That last one explains why my least favourite phrase is ‘the world is changing faster than ever’. My second-least favourite is ‘things will never be the same again’. 

As someone who studied history at university, I’m a particularly annoying person to be around when things like this are said. I’ll say things like ‘what about the Romans, and their massive-scale water infrastructure?’; ‘how about Henry VIII, changing the religion of a country overnight?’; ‘what about the industrial revolution, going from horses to aeroplanes, pantries to fridges, no TV to, well, TV?’

I’m great to have at dinner parties.

The temptation can be to think that everything is new, and when new things come along, that everything needs re-thinking. Whereas looking back to the past can help to understand the things that have always been true, and that will continue to be true in the years to come, giving some much-needed certainty amongst the change that sails around us.

Take, for example, the letter my (amazing) Nan received on the day she joined the Telephone Exchange Service in 1961, making clear the importance of putting yourself in the customers’ shoes, and why the role was so important. 

‘Think of the service you get from others. You travel by train or bus, you are served in shops, so from your own experience, you know the difference between service giving cheerfully and service which seems grudging and ungracious’

This wasn’t just one inspired leader’s view of how things should happen. It was backed up by the Telephone Exchange Customer Charter, which I love for three reasons.
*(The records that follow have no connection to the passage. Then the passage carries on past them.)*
(* Let $\rho$ be a probability distribution on $\mathbb N_0$ with finite first moment, $\sum_k k\rho_k<\infty$, and let $\mathcal T$ be a Galton–Watson tree $\mathrm{GW}(\rho)$. Then for every non-decreasing family of positive constants $(C_{k,T})$ and every finite measure $\varsigma$ on $\mathcal J$, $\mathcal T$ is a.s. finitely dissociable.
   Context: $\mathrm{GW}(\rho)$ is the random rooted tree in which the root and every other vertex independently have a number of children distributed according to $\rho$. Finite dissociability. Fix a countable set $\mathcal J$, a finite measure $\varsigma$ on $\mathcal J$ with $\varsigma(\mathcal J)>0$, and constants $C_{k,T}\in(0,\infty)$, $k\in\mathbb N$, $T\in\mathbb R_+$, non-decreasing in each index. For a vertex $v$ of a graph $G$ let $\mathrm{cl}_v$ denote $v$ together with its neighbours. A deterministic locally finite graph $G$ is finitely dissociable if for every $T\in(0,\infty)$ there is $\Delta\in(0,T]$ such that the following holds: if $(N_v)_{v\in V_G}$ are i.i.d. Poisson random measures on $\mathbb R_+^2\times\mathcal J$ with intensity $\mathrm{Leb}^2\otimes\varsigma$ and a vertex $v$ is called active when $N_v((0,\Delta]\times(0,C_{|\mathrm{cl}_v|,T}]\times\mathcal J)>0$ (so vertices are independently active with probability $1-\exp(-\Delta\varsigma(\mathcal J)C_{|\mathrm{cl}_v|,T})$), then a.s. every connected component of the subgraph of $G$ induced by the active vertices is finite. A random graph is a.s. finitely dissociable if its realization is finitely dissociable almost surely. *)

theory Defs
  imports "HOL-Probability.Probability"
begin

definition nbrs :: "'v set \<Rightarrow> ('v \<Rightarrow> 'v \<Rightarrow> bool) \<Rightarrow> 'v \<Rightarrow> 'v set" where
  "nbrs V E v = {w \<in> V. E v w}"

definition cl :: "'v set \<Rightarrow> ('v \<Rightarrow> 'v \<Rightarrow> bool) \<Rightarrow> 'v \<Rightarrow> 'v set" where
  "cl V E v = insert v (nbrs V E v)"

definition locally_finite :: "'v set \<Rightarrow> ('v \<Rightarrow> 'v \<Rightarrow> bool) \<Rightarrow> bool" where
  "locally_finite V E \<longleftrightarrow> (\<forall>v\<in>V. finite (nbrs V E v))"

definition induced_edge :: "'v set \<Rightarrow> ('v \<Rightarrow> 'v \<Rightarrow> bool) \<Rightarrow> 'v set \<Rightarrow> 'v \<Rightarrow> 'v \<Rightarrow> bool" where
  "induced_edge V E A x y \<longleftrightarrow> x \<in> V \<and> y \<in> V \<and> x \<in> A \<and> y \<in> A \<and> E x y"

definition all_components_finite :: "'v set \<Rightarrow> ('v \<Rightarrow> 'v \<Rightarrow> bool) \<Rightarrow> 'v set \<Rightarrow> bool" where
  "all_components_finite V E A \<longleftrightarrow>
     (\<forall>v\<in>A. finite {w. (induced_edge V E A)\<^sup>*\<^sup>* v w})"

text \<open>Probability that a vertex is active: the Poisson random measure N_v of intensity
  Leb^2 \<otimes> \<sigma> charges the box (0,\<Delta>] \<times> (0,C] \<times> J with probability
  1 - exp(-\<Delta> \<sigma>(J) C); the vertices are independent.\<close>
definition active_prob ::
  "'j measure \<Rightarrow> (nat \<Rightarrow> real \<Rightarrow> real) \<Rightarrow> real \<Rightarrow> real \<Rightarrow> nat \<Rightarrow> real" where
  "active_prob \<sigma> C T \<Delta> k = 1 - exp (- (\<Delta> * measure \<sigma> (space \<sigma>) * C k T))"

definition activity_law ::
  "'j measure \<Rightarrow> (nat \<Rightarrow> real \<Rightarrow> real) \<Rightarrow> real \<Rightarrow> real \<Rightarrow> 'v set \<Rightarrow> ('v \<Rightarrow> 'v \<Rightarrow> bool)
     \<Rightarrow> ('v \<Rightarrow> bool) measure" where
  "activity_law \<sigma> C T \<Delta> V E =
     (\<Pi>\<^sub>M v\<in>V. measure_pmf (bernoulli_pmf (active_prob \<sigma> C T \<Delta> (card (cl V E v)))))"

definition finitely_dissociable ::
  "'j measure \<Rightarrow> (nat \<Rightarrow> real \<Rightarrow> real) \<Rightarrow> 'v set \<Rightarrow> ('v \<Rightarrow> 'v \<Rightarrow> bool) \<Rightarrow> bool" where
  "finitely_dissociable \<sigma> C V E \<longleftrightarrow>
     locally_finite V E \<and>
     (\<forall>T>0. \<exists>\<Delta>. 0 < \<Delta> \<and> \<Delta> \<le> T \<and>
        (AE a in activity_law \<sigma> C T \<Delta> V E. all_components_finite V E {v \<in> V. a v}))"

text \<open>Vertices are words u :: nat list; X u is the number of children of u.
  u = [i1,...,in] belongs to the tree iff each letter is smaller than the
  number of children of the corresponding ancestor.\<close>
definition GW_vertices :: "(nat list \<Rightarrow> nat) \<Rightarrow> nat list set" where
  "GW_vertices X = {u. \<forall>k<length u. u ! k < X (take k u)}"

definition tree_edge :: "nat list \<Rightarrow> nat list \<Rightarrow> bool" where
  "tree_edge u w \<longleftrightarrow> (\<exists>i. w = u @ [i]) \<or> (\<exists>i. u = w @ [i])"

definition offspring_law :: "nat pmf \<Rightarrow> (nat list \<Rightarrow> nat) measure" where
  "offspring_law \<rho> = (\<Pi>\<^sub>M u\<in>(UNIV :: nat list set). measure_pmf \<rho>)"
(* Let $\Omega\subset\mathbb{R}^2$ be polygonal with a triangulation $\mathcal{T}_h$, let $j,\ell\ge0$, and for each $T$ let $V(T)$ be a subspace of $[P_r(T)]^2$ defining the discrete weak gradient $\nabla_d$. There exist constants $K$ and $\alpha_1>0$ such that $$a(v,v)+K(v_0,v_0)\ge\alpha_1\big(\|\nabla_dv\|^2+\|v_0\|^2\big)$$ for all $v=\{v_0,v_b\}\in S_h(j,\ell)$.
   Context: Coefficients: $a$ is a symmetric $2\times2$ matrix-valued function with $L^\infty(\Omega)$ entries satisfying $\xi^Ta\xi\ge\alpha\xi^T\xi$ for all $\xi\in\mathbb{R}^2$ with $\alpha>0$; $b\in[L^\infty(\Omega)]^2$; $c\in L^\infty(\Omega)$. $P_j(T)$: polynomials of degree $\le j$ on $T$; $P_\ell(\partial T)$: functions on $\partial T$ that are polynomials of degree $\le\ell$ on each edge. $S_h(j,\ell)$: pairs $v=\{v_0,v_b\}$ with $v_0|_T\in P_j(T)$ for each $T\in\mathcal{T}_h$ and $v_b$ a function on the union of edges with $v_b|_{\partial T}\in P_\ell(\partial T)$. Discrete weak gradient: $\nabla_dv|_T\in V(T)$ is determined by $\int_T\nabla_dv\cdot q=-\int_Tv_0\nabla\cdot q+\int_{\partial T}v_b\,q\cdot\mathbf{n}\,ds$ for all $q\in V(T)$. $\|\cdot\|$ and $(\cdot,\cdot)$ denote the $L^2(\Omega)$ norm and inner product (elementwise for $\nabla_d v$). Bilinear form: $a(w,v)=(a\nabla_dw,\nabla_dv)-(bw_0,\nabla_dv)+(cw_0,v_0)$. *)

theory Defs
  imports "HOL-Analysis.Analysis"
begin

definition triangle :: "(real^2) set \<Rightarrow> bool" where
  "triangle T \<longleftrightarrow> (\<exists>A B C. \<not> collinear {A, B, C} \<and> T = convex hull {A, B, C})"

definition tri_vertices :: "(real^2) set \<Rightarrow> (real^2) set" where
  "tri_vertices T = {x. x extreme_point_of T}"

definition tri_edges :: "(real^2) set \<Rightarrow> (real^2) set set" where
  "tri_edges T = {closed_segment A B | A B. A \<in> tri_vertices T \<and> B \<in> tri_vertices T \<and> A \<noteq> B}"

definition triangulation :: "(real^2) set \<Rightarrow> (real^2) set set \<Rightarrow> bool" where
  "triangulation \<Omega> Th \<longleftrightarrow> finite Th \<and> Th \<noteq> {} \<and> (\<forall>T\<in>Th. triangle T) \<and> \<Union>Th = closure \<Omega> \<and>
     (\<forall>T\<in>Th. \<forall>T'\<in>Th. T \<noteq> T' \<longrightarrow>
        T \<inter> T' = {}
      \<or> (\<exists>p. T \<inter> T' = {p} \<and> p \<in> tri_vertices T \<and> p \<in> tri_vertices T')
      \<or> (T \<inter> T' \<in> tri_edges T \<and> T \<inter> T' \<in> tri_edges T'))"

definition polygonal_domain :: "(real^2) set \<Rightarrow> bool" where
  "polygonal_domain \<Omega> \<longleftrightarrow> open \<Omega> \<and> connected \<Omega> \<and> \<Omega> \<noteq> {} \<and> bounded \<Omega>"

definition poly2 :: "nat \<Rightarrow> (real^2 \<Rightarrow> real) set" where
  "poly2 j = {p. \<exists>c :: nat \<Rightarrow> nat \<Rightarrow> real. \<forall>x.
      p x = (\<Sum>a\<le>j. \<Sum>b\<le>j - a. c a b * (x$1)^a * (x$2)^b)}"

definition vpoly2 :: "nat \<Rightarrow> (real^2 \<Rightarrow> real^2) set" where
  "vpoly2 r = {q. \<forall>i. (\<lambda>x. q x $ i) \<in> poly2 r}"

definition is_subspace_fun :: "(real^2 \<Rightarrow> real^2) set \<Rightarrow> bool" where
  "is_subspace_fun V \<longleftrightarrow> (\<lambda>x. 0) \<in> V \<and> (\<forall>p\<in>V. \<forall>q\<in>V. (\<lambda>x. p x + q x) \<in> V)
     \<and> (\<forall>s. \<forall>p\<in>V. (\<lambda>x. s *\<^sub>R p x) \<in> V)"

definition divergence :: "(real^2 \<Rightarrow> real^2) \<Rightarrow> real^2 \<Rightarrow> real" where
  "divergence q x = (\<Sum>i\<in>UNIV. (frechet_derivative q (at x)) (axis i 1) $ i)"

definition outward_normal :: "(real^2) set \<Rightarrow> (real^2) set \<Rightarrow> real^2" where
  "outward_normal T e = (THE n. norm n = 1 \<and> (\<forall>x\<in>e. \<forall>y\<in>e. n \<bullet> (x - y) = 0)
       \<and> (\<forall>x\<in>T. \<forall>y\<in>e. n \<bullet> (x - y) \<le> 0))"

text \<open>Arc-length integral over a segment e (independent of orientation).\<close>
definition edge_integral :: "(real^2) set \<Rightarrow> (real^2 \<Rightarrow> real) \<Rightarrow> real" where
  "edge_integral e f = (let (A, B) = (SOME (A, B). A \<noteq> B \<and> e = closed_segment A B) in
      norm (B - A) * integral {0..1} (\<lambda>t. f ((1 - t) *\<^sub>R A + t *\<^sub>R B)))"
  1. ‘For any great enterprise, objectives must be clearly stated and widely understood’
  2. ‘The aim and purpose of the telephone exchange is not only to serve but to please the customer. Everything must be subordinated and surrender to that aim’
  3. ‘Scientific progress in itself is not enough. What really counts is the spirit of the men and women behind the machine. Machines must be servants, not masters.’

Sound familiar?

When you look back at what was driving organisations in the past, you see that the things that matter to customers, and the things successful organisations build their business around, really haven’t changed that much at all.

Take this from Pugh Bros, a metalworks wholesaler in Islington, London. Three-word ‘company values’ and marketing taglines have been all the rage in the past decade – just as they were in the 1960s:

‘Service, Quality, Price’

Or this publicly stated customer policy, advertised in a newspaper in 1934, for a company also in London. 

I particularly love this one for two reasons.

First, that simple aim: ‘A satisfied customer’, as true in 1934 as it is nearly a hundred years later: revenue only comes from earning customer decisions in your favour. The products and services organisations offer don’t make any money sat on the shelves; it’s only by a customer choosing to buy it or use it that the company makes money.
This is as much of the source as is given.